Take one of Sri Aurobindo's books. Read a sentence or two. Then remain silent and concentrated to understand the deeper meaning. Try to concentrate deeply enough to obtain mental silence and begin again daily until you obtain a result. [177]


I can't say that the reading of literature equips one better to understand Sri Aurobindo. On the contrary, it can be a hindrance. For, the same words are used and the purpose for which they are used is so different from the purpose for which Sri Aurobindo has made use of them, the manner in which they have been put together to express things is so different from Sri Aurobindo's that these words tend to put one off from the light which Sri Aurobindo wants to convey to us through them. To get to Sri Aurobindo's light we must empty our minds of all that literature has said and done. We must go inward and stay in a receptive silence and turn it upward. Then alone we get something in the right way. At the worst, I have seen that the study of literature makes one silly and perverse enough to sit in judgment on Sri Aurobindo's English and find fault with his grammar! [178]

Cooking and Eating

All quarrels in the place where food is prepared make food indigestible. The cooking must be done in silence and harmony. [179]

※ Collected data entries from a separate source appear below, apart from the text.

lemma is_partition_concat:
  assumes "is_partition a b n p" "is_partition b c m q"
  shows "is_partition a c (n + m) (concat_partition n p q)"
  unfolding is_partition_def
proof (intro conjI allI impI)
  show "concat_partition n p q 0 = a" "concat_partition n p q (n + m) = c"
    using assms unfolding is_partition_def concat_partition_def by (cases m; simp)+
  fix k assume "k < n + m"
  then show "concat_partition n p q k \<le> concat_partition n p q (Suc k)"
    using assms unfolding is_partition_def concat_partition_def
    by (cases "Suc k \<le> n") (auto simp: Suc_diff_le not_less_eq_eq)
qed

lemma polygon_length_concat:
  assumes "is_partition a b n p" "is_partition b c m q"
  shows "polygon_length \<gamma> (n + m) (concat_partition n p q) = polygon_length \<gamma> n p + polygon_length \<gamma> m q"
proof (induction m)
  case 0
  show ?case unfolding polygon_length_def concat_partition_def by (auto intro: sum.cong)
next
  case (Suc m)
  have "concat_partition n p q (Suc (n + m)) = q (Suc m)" "concat_partition n p q (n + m) = q m"
    using assms unfolding concat_partition_def is_partition_def by (cases m; auto simp: Suc_diff_le)+
  then show ?case using Suc unfolding polygon_length_def by simp
qed

lemma path_length_eq_SUP: "path_length \<gamma> = (SUP l \<in> polygon_lengths \<gamma> 0 1. ereal l)"
proof -
  define S where "S = {(n, p :: nat \<Rightarrow> real). p 0 = 0 \<and> p n = 1 \<and> (\<forall>k<n. p k \<le> p (Suc k))}"
  have "polygon_lengths \<gamma> 0 1 = (\<lambda>(n, p). polygon_length \<gamma> n p) ` S"
    unfolding polygon_lengths_def is_partition_def S_def by auto
  moreover have "path_length \<gamma> = (SUP x \<in> S. ereal (polygon_length \<gamma> (fst x) (snd x)))"
    unfolding path_length_def polygon_length_def S_def ..
  ultimately show ?thesis by (simp add: image_image case_prod_beta)
qed
(* Let $(L_i)_{i\in I}$ be a family of upper continuous lattices with zero, pairwise intersecting in $\{0\}$, and let $L=\coprod^0_{i\in I}L_i$ with each $L_i$ identified with its canonical copy in $L$. Let $\Pi=\prod_{(i,n)\in I\times\omega}L_i$ (ordered componentwise), and for a lattice term $\mathbf{p}$ with variables from $I\times\omega$ and $\vec a=(a_{i,n})\in\Pi$ let $\mathbf{p}(\vec a)\in L$ denote the value of $\mathbf{p}$ in $L$ when each variable $(i,n)$ is assigned $a_{i,n}$. Let $\Lambda$ be an upward directed poset and $(\vec a^{\lambda})_{\lambda\in\Lambda}$ an isotone family of elements of $\Pi$ with supremum $\vec a$ in $\Pi$. Then for every lattice term $\mathbf{p}$ on $I\times\omega$, $\mathbf{p}(\vec a)=\bigvee_{\lambda\in\Lambda}\mathbf{p}(\vec a^{\lambda})$ in $L$.
   Context: $\coprod^0$ denotes the coproduct in the category of lattices with zero and zero-preserving homomorphisms; $\omega$ is the set of natural numbers. A lattice $M$ is upper continuous if for each $a\in M$ and each upward directed subset $\{x_j: j\in J\}$ of $M$ that has a join, $a\wedge\bigvee_{j}x_j=\bigvee_j(a\wedge x_j)$. *)

theory Defs
  imports "HOL-Algebra.Lattice"
begin

datatype 'v lterm = LVar 'v | LJoin "'v lterm" "'v lterm" | LMeet "'v lterm" "'v lterm"

text \<open>Value of a term under an assignment of generators to its variables
  (the result is a term over the generators, i.e. an element of the free
  construction below): this is just substitution.\<close>

abbreviation lsubst :: "('v \<Rightarrow> 'a) \<Rightarrow> 'v lterm \<Rightarrow> 'a lterm" where
  "lsubst a p \<equiv> map_lterm a p"

definition directed_in :: "('a, 'b) gorder_scheme \<Rightarrow> 'a set \<Rightarrow> bool" where
  "directed_in M X \<longleftrightarrow> X \<noteq> {} \<and>
     (\<forall>x\<in>X. \<forall>y\<in>X. \<exists>w\<in>X. x \<sqsubseteq>\<^bsub>M\<^esub> w \<and> y \<sqsubseteq>\<^bsub>M\<^esub> w)"

definition upper_continuous :: "('a, 'b) gorder_scheme \<Rightarrow> bool" where
  "upper_continuous M \<longleftrightarrow>
     (\<forall>a\<in>carrier M. \<forall>X s. X \<subseteq> carrier M \<and> directed_in M X \<and> is_lub M s X
        \<longrightarrow> is_lub M (a \<sqinter>\<^bsub>M\<^esub> s) ((\<lambda>x. a \<sqinter>\<^bsub>M\<^esub> x) ` X))"

definition cp_gens :: "('i \<Rightarrow> 'a gorder) \<Rightarrow> 'i set \<Rightarrow> 'a \<Rightarrow> 'a set" where
  "cp_gens L I z = insert z (\<Union>i\<in>I. carrier (L i))"

text \<open>The preorder of the lattice presented by the generators and the relations
  saying that joins and meets inside each L i are preserved.  The quotient by
  the induced equivalence is the coproduct in the category of lattices with
  zero and zero-preserving homomorphisms (z is automatically the least element).\<close>

inductive cp_le :: "('i \<Rightarrow> 'a gorder) \<Rightarrow> 'i set \<Rightarrow> 'a \<Rightarrow> 'a lterm \<Rightarrow> 'a lterm \<Rightarrow> bool"
  for L I z where
  refl: "set_lterm t \<subseteq> cp_gens L I z \<Longrightarrow> cp_le L I z t t"
| trans: "cp_le L I z s t \<Longrightarrow> cp_le L I z t u \<Longrightarrow> cp_le L I z s u"
| join_upper1: "set_lterm s \<subseteq> cp_gens L I z \<Longrightarrow> set_lterm t \<subseteq> cp_gens L I z \<Longrightarrow>
     cp_le L I z s (LJoin s t)"
| join_upper2: "set_lterm s \<subseteq> cp_gens L I z \<Longrightarrow> set_lterm t \<subseteq> cp_gens L I z \<Longrightarrow>
     cp_le L I z t (LJoin s t)"
| join_least: "cp_le L I z s u \<Longrightarrow> cp_le L I z t u \<Longrightarrow> cp_le L I z (LJoin s t) u"
| meet_lower1: "set_lterm s \<subseteq> cp_gens L I z \<Longrightarrow> set_lterm t \<subseteq> cp_gens L I z \<Longrightarrow>
     cp_le L I z (LMeet s t) s"
| meet_lower2: "set_lterm s \<subseteq> cp_gens L I z \<Longrightarrow> set_lterm t \<subseteq> cp_gens L I z \<Longrightarrow>
     cp_le L I z (LMeet s t) t"
| meet_greatest: "cp_le L I z u s \<Longrightarrow> cp_le L I z u t \<Longrightarrow> cp_le L I z u (LMeet s t)"
| gen_join1: "i \<in> I \<Longrightarrow> x \<in> carrier (L i) \<Longrightarrow> y \<in> carrier (L i) \<Longrightarrow>
     cp_le L I z (LJoin (LVar x) (LVar y)) (LVar (x \<squnion>\<^bsub>L i\<^esub> y))"
| gen_join2: "i \<in> I \<Longrightarrow> x \<in> carrier (L i) \<Longrightarrow> y \<in> carrier (L i) \<Longrightarrow>
     cp_le L I z (LVar (x \<squnion>\<^bsub>L i\<^esub> y)) (LJoin (LVar x) (LVar y))"
| gen_meet1: "i \<in> I \<Longrightarrow> x \<in> carrier (L i) \<Longrightarrow> y \<in> carrier (L i) \<Longrightarrow>
     cp_le L I z (LMeet (LVar x) (LVar y)) (LVar (x \<sqinter>\<^bsub>L i\<^esub> y))"
| gen_meet2: "i \<in> I \<Longrightarrow> x \<in> carrier (L i) \<Longrightarrow> y \<in> carrier (L i) \<Longrightarrow>
     cp_le L I z (LVar (x \<sqinter>\<^bsub>L i\<^esub> y)) (LMeet (LVar x) (LVar y))"

definition cp_class :: "('i \<Rightarrow> 'a gorder) \<Rightarrow> 'i set \<Rightarrow> 'a \<Rightarrow> 'a lterm \<Rightarrow> 'a lterm set" where
  "cp_class L I z s = {t. cp_le L I z s t \<and> cp_le L I z t s}"
theorem lemma1:
  fixes f :: "'m::finite \<Rightarrow> real^'n \<Rightarrow> real"
    and g :: "'m \<Rightarrow> real^'n \<Rightarrow> real^'n"
    and s c \<alpha> \<beta> \<sigma> :: "'m \<Rightarrow> real"
    and \<delta> :: real
    and u lam :: "nat \<Rightarrow> 'm \<Rightarrow> real^'n"
    and z :: "nat \<Rightarrow> real^'n"
  assumes grad: "\<And>i x. (f i has_derivative (\<lambda>h. g i x \<bullet> h)) (at x)"
    and s_pos: "\<And>i. s i > 0"
    and lip: "\<And>i. (s i)-lipschitz_on UNIV (g i)"
    and c_pos: "\<And>i. c i > 0"
    and sconv: "\<And>i. strongly_convex_on (c i) (f i)"
    and alpha_pos: "\<And>i. \<alpha> i > 0"
    and alpha_sum: "(\<Sum>i\<in>UNIV. \<alpha> i) = 1"
    and beta_pos: "\<And>i. \<beta> i > 0"
    and delta_pos: "\<delta> > 0"
    and sigma_pos: "\<And>i. \<sigma> i > 0"
    and sigma_bd: "\<And>i. \<sigma> i < sqrt (2 * c i) / (sqrt (2 * c i) + sqrt (\<beta> i))"
    and step_u: "\<And>k i. norm (g i (u (Suc k) i) - lam k i + \<beta> i *\<^sub>R (u (Suc k) i - z k))
                   \<le> \<sigma> i * norm (g i (u k i) - lam k i + \<beta> i *\<^sub>R (u k i - z k))"
    and step_lam: "\<And>k i. lam (Suc k) i = lam k i - \<beta> i *\<^sub>R (u (Suc k) i - z k)"
    and step_z: "\<And>k. z (Suc k) =
        (1 / (1 + \<delta>)) *\<^sub>R ((1 / (\<Sum>i\<in>UNIV. \<alpha> i * \<beta> i)) *\<^sub>R
            (\<Sum>i\<in>UNIV. \<alpha> i *\<^sub>R (\<beta> i *\<^sub>R u (Suc k) i - lam (Suc k) i)))
        + (\<delta> / (1 + \<delta>)) *\<^sub>R z k"
  shows "(\<forall>ll (zz::real^'n). (ll, zz) \<noteq> ((\<lambda>i. 0), 0) \<longrightarrow> H1sq \<alpha> \<beta> \<delta> (ll, zz) > 0) \<and>
    (\<forall>k uu ll zz.
      wdot (u (Suc k) - uu, lam (Suc k) - ll, z (Suc k) - zz)
           (F_op \<alpha> g (u (Suc k), lam (Suc k), z (Suc k)))
      \<le> udot (u (Suc k) - uu) (gradL \<alpha> \<beta> g (u (Suc k)) (lam k) (z k))
         + 1/2 * (H1sq \<alpha> \<beta> \<delta> (lam k - ll, z k - zz)
                  - H1sq \<alpha> \<beta> \<delta> (lam (Suc k) - ll, z (Suc k) - zz)
                  - H1sq \<alpha> \<beta> \<delta> (lam k - lam (Suc k), z k - z (Suc k))))"
proof (intro conjI allI impI)
  fix ll :: "'m \<Rightarrow> real^'n" and zz :: "real^'n"
  assume "(ll, zz) \<noteq> ((\<lambda>i. 0), 0)"
  with alpha_pos beta_pos delta_pos show "H1sq \<alpha> \<beta> \<delta> (ll, zz) > 0" by (rule H1sq_pos)
next
  fix k and uu ll :: "'m \<Rightarrow> real^'n" and zz :: "real^'n"
  have \<beta>_nonzero: "\<beta> i \<noteq> 0" for i
    using beta_pos[of i] by simp
  have "(\<Sum>i\<in>UNIV. \<alpha> i * \<beta> i) > 0"
    using alpha_pos beta_pos by (simp add: sum_pos)
  then have step_eq: "wdot (u (Suc k) - uu, lam (Suc k) - ll, z (Suc k) - zz)
           (F_op \<alpha> g (u (Suc k), lam (Suc k), z (Suc k)))
     = udot (u (Suc k) - uu) (gradL \<alpha> \<beta> g (u (Suc k)) (lam k) (z k))
       + H1_inner \<alpha> \<beta> \<delta> (lam k - lam (Suc k), z k - z (Suc k)) (lam (Suc k) - ll, z (Suc k) - zz)"
    using delta_pos by (intro F_op_inner_step_eq step_lam step_z \<beta>_nonzero) simp_all
  have "lam k - ll - (lam (Suc k) - ll) = lam k - lam (Suc k)"
    and "z k - zz - (z (Suc k) - zz) = z k - z (Suc k)" by (simp_all add: fun_eq_iff)
  then have polarization: "H1sq \<alpha> \<beta> \<delta> (lam k - ll, z k - zz) - H1sq \<alpha> \<beta> \<delta> (lam (Suc k) - ll, z (Suc k) - zz)
      - H1sq \<alpha> \<beta> \<delta> (lam k - lam (Suc k), z k - z (Suc k))
    = 2 * H1_inner \<alpha> \<beta> \<delta> (lam k - lam (Suc k), z k - z (Suc k)) (lam (Suc k) - ll, z (Suc k) - zz)"
    using H1sq_polarization[of \<alpha> \<beta> \<delta> "lam k - ll" "z k - zz" "lam (Suc k) - ll" "z (Suc k) - zz"]
    by (simp only:)
  show "wdot (u (Suc k) - uu, lam (Suc k) - ll, z (Suc k) - zz)
           (F_op \<alpha> g (u (Suc k), lam (Suc k), z (Suc k)))
      \<le> udot (u (Suc k) - uu) (gradL \<alpha> \<beta> g (u (Suc k)) (lam k) (z k))
         + 1/2 * (H1sq \<alpha> \<beta> \<delta> (lam k - ll, z k - zz)
                  - H1sq \<alpha> \<beta> \<delta> (lam (Suc k) - ll, z (Suc k) - zz)
                  - H1sq \<alpha> \<beta> \<delta> (lam k - lam (Suc k), z k - z (Suc k)))"
    unfolding step_eq polarization by simp
qed

end
lemma double_star_non_crossing:
  assumes gp: "general_position P"
    and sep: "\<forall>p\<in>C. \<forall>s\<in>D. closed_segment c p \<inter> closed_segment d s = {}"
  shows "non_crossing T"
  unfolding non_crossing_def
proof (intro ballI impI)
  fix e f assume "e \<in> T" "f \<in> T" "e \<noteq> f"
  note same_centre = convex_hull_edges_common_endpoint[OF gp]
  note cross = convex_hull_cross_edges[OF gp sep]
  from \<open>e \<in> T\<close> show "convex hull e \<inter> convex hull f \<subseteq> e \<inter> f"
  proof (cases rule: double_star_edgeE)
    case (1 y1)
    from \<open>f \<in> T\<close> show ?thesis
    proof (cases rule: double_star_edgeE)
      case (1 y2)
      then show ?thesis
        using same_centre[of c y1 y2] \<open>e = {c, y1}\<close> \<open>e \<noteq> f\<close> c
          centre_neighbours_in_P(1)[OF \<open>y1 \<in> insert d C\<close>] centre_neighbours_in_P(1)
        by (simp add: doubleton_eq_iff)
    next
      case (2 y2)
      then show ?thesis
        using cross[of y1 y2] \<open>e = {c, y1}\<close> \<open>y1 \<in> insert d C\<close> \<open>e \<noteq> f\<close> by simp
    qed
  next
    case (2 y1)
    from \<open>f \<in> T\<close> show ?thesis
    proof (cases rule: double_star_edgeE)
      case (1 y2)
      then show ?thesis
        using cross[of y2 y1] \<open>e = {d, y1}\<close> \<open>y1 \<in> insert c D\<close> \<open>e \<noteq> f\<close> by (simp add: Int_commute)
    next
      case (2 y2)
      then show ?thesis
        using same_centre[of d y1 y2] \<open>e = {d, y1}\<close> \<open>e \<noteq> f\<close> d
          centre_neighbours_in_P(2)[OF \<open>y1 \<in> insert c D\<close>] centre_neighbours_in_P(2)
        by (simp add: doubleton_eq_iff)
    qed
  qed
qed
(* For each integer $n \geq 3$ there is a hierarchical model (simplicial complex) $\Delta_n$ on $n$ binary random variables such that $$gap_-(\Delta_n) \geq 2^{n-3} - 1.$$
   Context: A hierarchical model on $n$ binary random variables is a simplicial complex $\Delta$ on the ground set $[n]=\{1,\dots,n\}$ (a collection of subsets of $[n]$ closed under taking subsets). A contingency table is a vector $\mathbf{u}=(u_{\mathbf{i}})_{\mathbf{i}\in\{0,1\}^n}$ of nonnegative entries indexed by $\{0,1\}^n$. For $F\in\Delta$, the $F$-margin of $\mathbf{u}$ is the vector indexed by $\mathbf{j}\in\{0,1\}^F$ whose $\mathbf{j}$-entry is $\sum_{\mathbf{i}:\ \mathbf{i}_F=\mathbf{j}} u_{\mathbf{i}}$, where $\mathbf{i}_F$ is the restriction of $\mathbf{i}$ to the coordinates in $F$. Let $A_\Delta$ be the matrix of the linear map sending $\mathbf{u}$ to the tuple of all its $F$-margins, $F\in\Delta$. Write $u_{\mathbf{0}}$ for the cell entry indexed by $(0,0,\dots,0)$. For a margin vector $\mathbf{b}$, the integer program $IP_\Delta(\mathbf{b})$ is: minimize $u_{\mathbf{0}}$ subject to $A_\Delta\mathbf{u}=\mathbf{b}$, $\mathbf{u}\ge 0$, $\mathbf{u}$ integral; the linear programming relaxation $LP_\Delta(\mathbf{b})$ is the same problem without the integrality condition. The integer programming gap $gap_-(\Delta)$ is the supremum, over all feasible margin vectors $\mathbf{b}$ (i.e. $\mathbf{b}=A_\Delta\mathbf{u}$ for some nonnegative integer table $\mathbf{u}$), of the difference between the optimal value of $IP_\Delta(\mathbf{b})$ and the optimal value of $LP_\Delta(\mathbf{b})$. *)

theory Defs
  imports "HOL-Library.FuncSet" "HOL-Library.Extended_Real" Complex_Main
begin

definition cells :: "nat set \<Rightarrow> (nat \<Rightarrow> nat) set" where
  "cells F = (F \<rightarrow>\<^sub>E {0, 1})"

definition simplicial_complex :: "nat \<Rightarrow> nat set set \<Rightarrow> bool" where
  "simplicial_complex n \<Delta> \<longleftrightarrow>
     (\<forall>F\<in>\<Delta>. F \<subseteq> {1..n}) \<and> (\<forall>F\<in>\<Delta>. \<forall>G. G \<subseteq> F \<longrightarrow> G \<in> \<Delta>)"

definition zero_cell :: "nat \<Rightarrow> nat \<Rightarrow> nat" where
  "zero_cell n = (\<lambda>k\<in>{1..n}. 0)"
section \<open>Functions growing almost everywhere\<close>

lemma grows_ae_mono_on:
  fixes f :: "real \<Rightarrow> real"
  assumes ac: "absolutely_continuous_on {a..b} f" and "grows_ae f a b"
  shows "mono_on {a..b} f"
proof (rule mono_onI)
  fix x y
  assume "x \<in> {a..b}" "y \<in> {a..b}" "x \<le> y"
  show "f x \<le> f y"
  proof (rule field_le_epsilon)
    fix \<epsilon> :: real
    assume "\<epsilon> > 0"
    then obtain d where "d > 0" and small: "\<And>n u v. nonoverlapping_intervals {a..b} n u v \<Longrightarrow>
        (\<Sum>i<n. v i - u i) < d \<Longrightarrow> (\<Sum>i<n. norm (f (v i) - f (u i))) < \<epsilon>"
      using absolutely_continuous_onE[OF ac] by blast
    obtain \<kappa> where "\<kappa> > 0" and \<kappa>: "measure lebesgue ({a..b} - growth_set f {a..b} \<kappa>) < d"
      using grows_aeE[OF \<open>grows_ae f a b\<close> \<open>d > 0\<close>] .
    define E where "E = growth_set f {a..b} \<kappa>"
    have cont: "continuous_on {a..b} f"
      using ac by (rule absolutely_continuous_on_imp_continuous_on)
    have "growth_decomposition f E \<kappa> x y"
      unfolding E_def using \<open>x \<in> {a..b}\<close> \<open>y \<in> {a..b}\<close> \<open>x \<le> y\<close>
      by (intro growth_decomposition_interval[OF cont \<open>\<kappa> > 0\<close>]) auto
    then obtain n u v where I: "nonoverlapping_intervals {x..y} n u v"
      and len: "(\<Sum>i<n. v i - u i) \<le> measure lebesgue ({x..y} - E)"
      and inc: "\<kappa> * measure lebesgue (E \<inter> {x..y}) + (\<Sum>i<n. f (v i) - f (u i)) \<le> f y - f x"
      by (rule growth_decompositionE)
    have "measure lebesgue ({x..y} - E) \<le> measure lebesgue ({a..b} - E)"
      using lmeasurable_growth_set[OF cont] \<open>x \<in> {a..b}\<close> \<open>y \<in> {a..b}\<close> unfolding E_def
      by (intro measure_mono_fmeasurable fmeasurable_Diff) (auto intro: fmeasurableD)
    with len \<kappa> have "(\<Sum>i<n. v i - u i) < d"
      unfolding E_def by linarith
    then have "(\<Sum>i<n. norm (f (v i) - f (u i))) < \<epsilon>"
      using \<open>x \<in> {a..b}\<close> \<open>y \<in> {a..b}\<close> by (intro small nonoverlapping_intervals_subset[OF I]) auto
    moreover have "- norm (f (v i) - f (u i)) \<le> f (v i) - f (u i)" for i
      by simp
    then have "- (\<Sum>i<n. norm (f (v i) - f (u i))) \<le> (\<Sum>i<n. f (v i) - f (u i))"
      by (simp add: sum_mono flip: sum_negf)
    moreover have "\<kappa> * measure lebesgue (E \<inter> {x..y}) \<ge> 0"
      using \<open>\<kappa> > 0\<close> by simp
    ultimately show "f x \<le> f y + \<epsilon>"
      using inc by linarith
  qed
qed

It is much better to eat the meal in silence or at any rate in quietness. [180]

Resting in Silence

In any case one thing you can do in all security is, before going to sleep, to concentrate, relax all tension in the physical being, try... that is, in the body try so that the body lies like a soft rag on the bed, that it is no longer something with twitchings and cramps; to relax it completely as though it were a kind of thing like a rag. And then, the vital: to calm it, calm it as much as you can, make it as quiet, as peaceful as possible. And then the mind also—the mind, try to keep it like that, without any activity. You must put upon the brain the force of great peace, great quietude, of silence if possible, and not follow ideas actively, not make any effort, nothing, nothing; you must relax all movement there too, but relax it in a kind of silence and quietude as great as possible. (The Mother, 2 March 1955) [181]

Different Practices

Regular Practice of Controlling Thoughts

This work of mental purification should be done very regularly in order to secure a complete control over one’s actions. For this purpose, it is good to set apart some time every day when one can quietly go over one's thoughts and put one's synthesis in order. Once the habit is acquired, you can maintain control over your thoughts even during work and action, allowing only those which are useful for what you are doing to come to the surface. Particularly, if you have continued to cultivate the power of concentration and attention, only the thoughts that are needed will be allowed to enter the active external consciousness and they then become all the more dynamic and effective. And if, in the intensity of concentration, it becomes necessary not to think at all, all mental vibration can be stilled and an almost total silence secured. In this silence one can gradually open to the higher regions of the mind and learn to record the inspirations that come from there. [182]

Dhammapada Method

They (small Buddhist sects) sit down for a few hours in the day and even at night and quiet their mind. This is for them the key to all realisation—a quiet mind that knows how to keep quiet for hours together without roving. You must not believe however that it is a very easy thing to do, but they have no other object. They do not concentrate upon any thought, they do not try to understand better, to know more, nothing of the kind; for them the only way is to have a quiet mind and sometimes they pass through years and years of effort before they arrive at this result—to silence the mind, to keep it absolutely silent and still; for, as it is said here in the Dhammapada, if the mind is unbalanced, then this constant movement of ideas following one another, sometimes without any order, ideas contradicting and opposing each other, ideas that speculate on things, all that jostles about in the head, makes holes in the roof, as it were. So through these holes all undesirable movements enter into the consciousness, as water enters into a house with a leaky roof. [183]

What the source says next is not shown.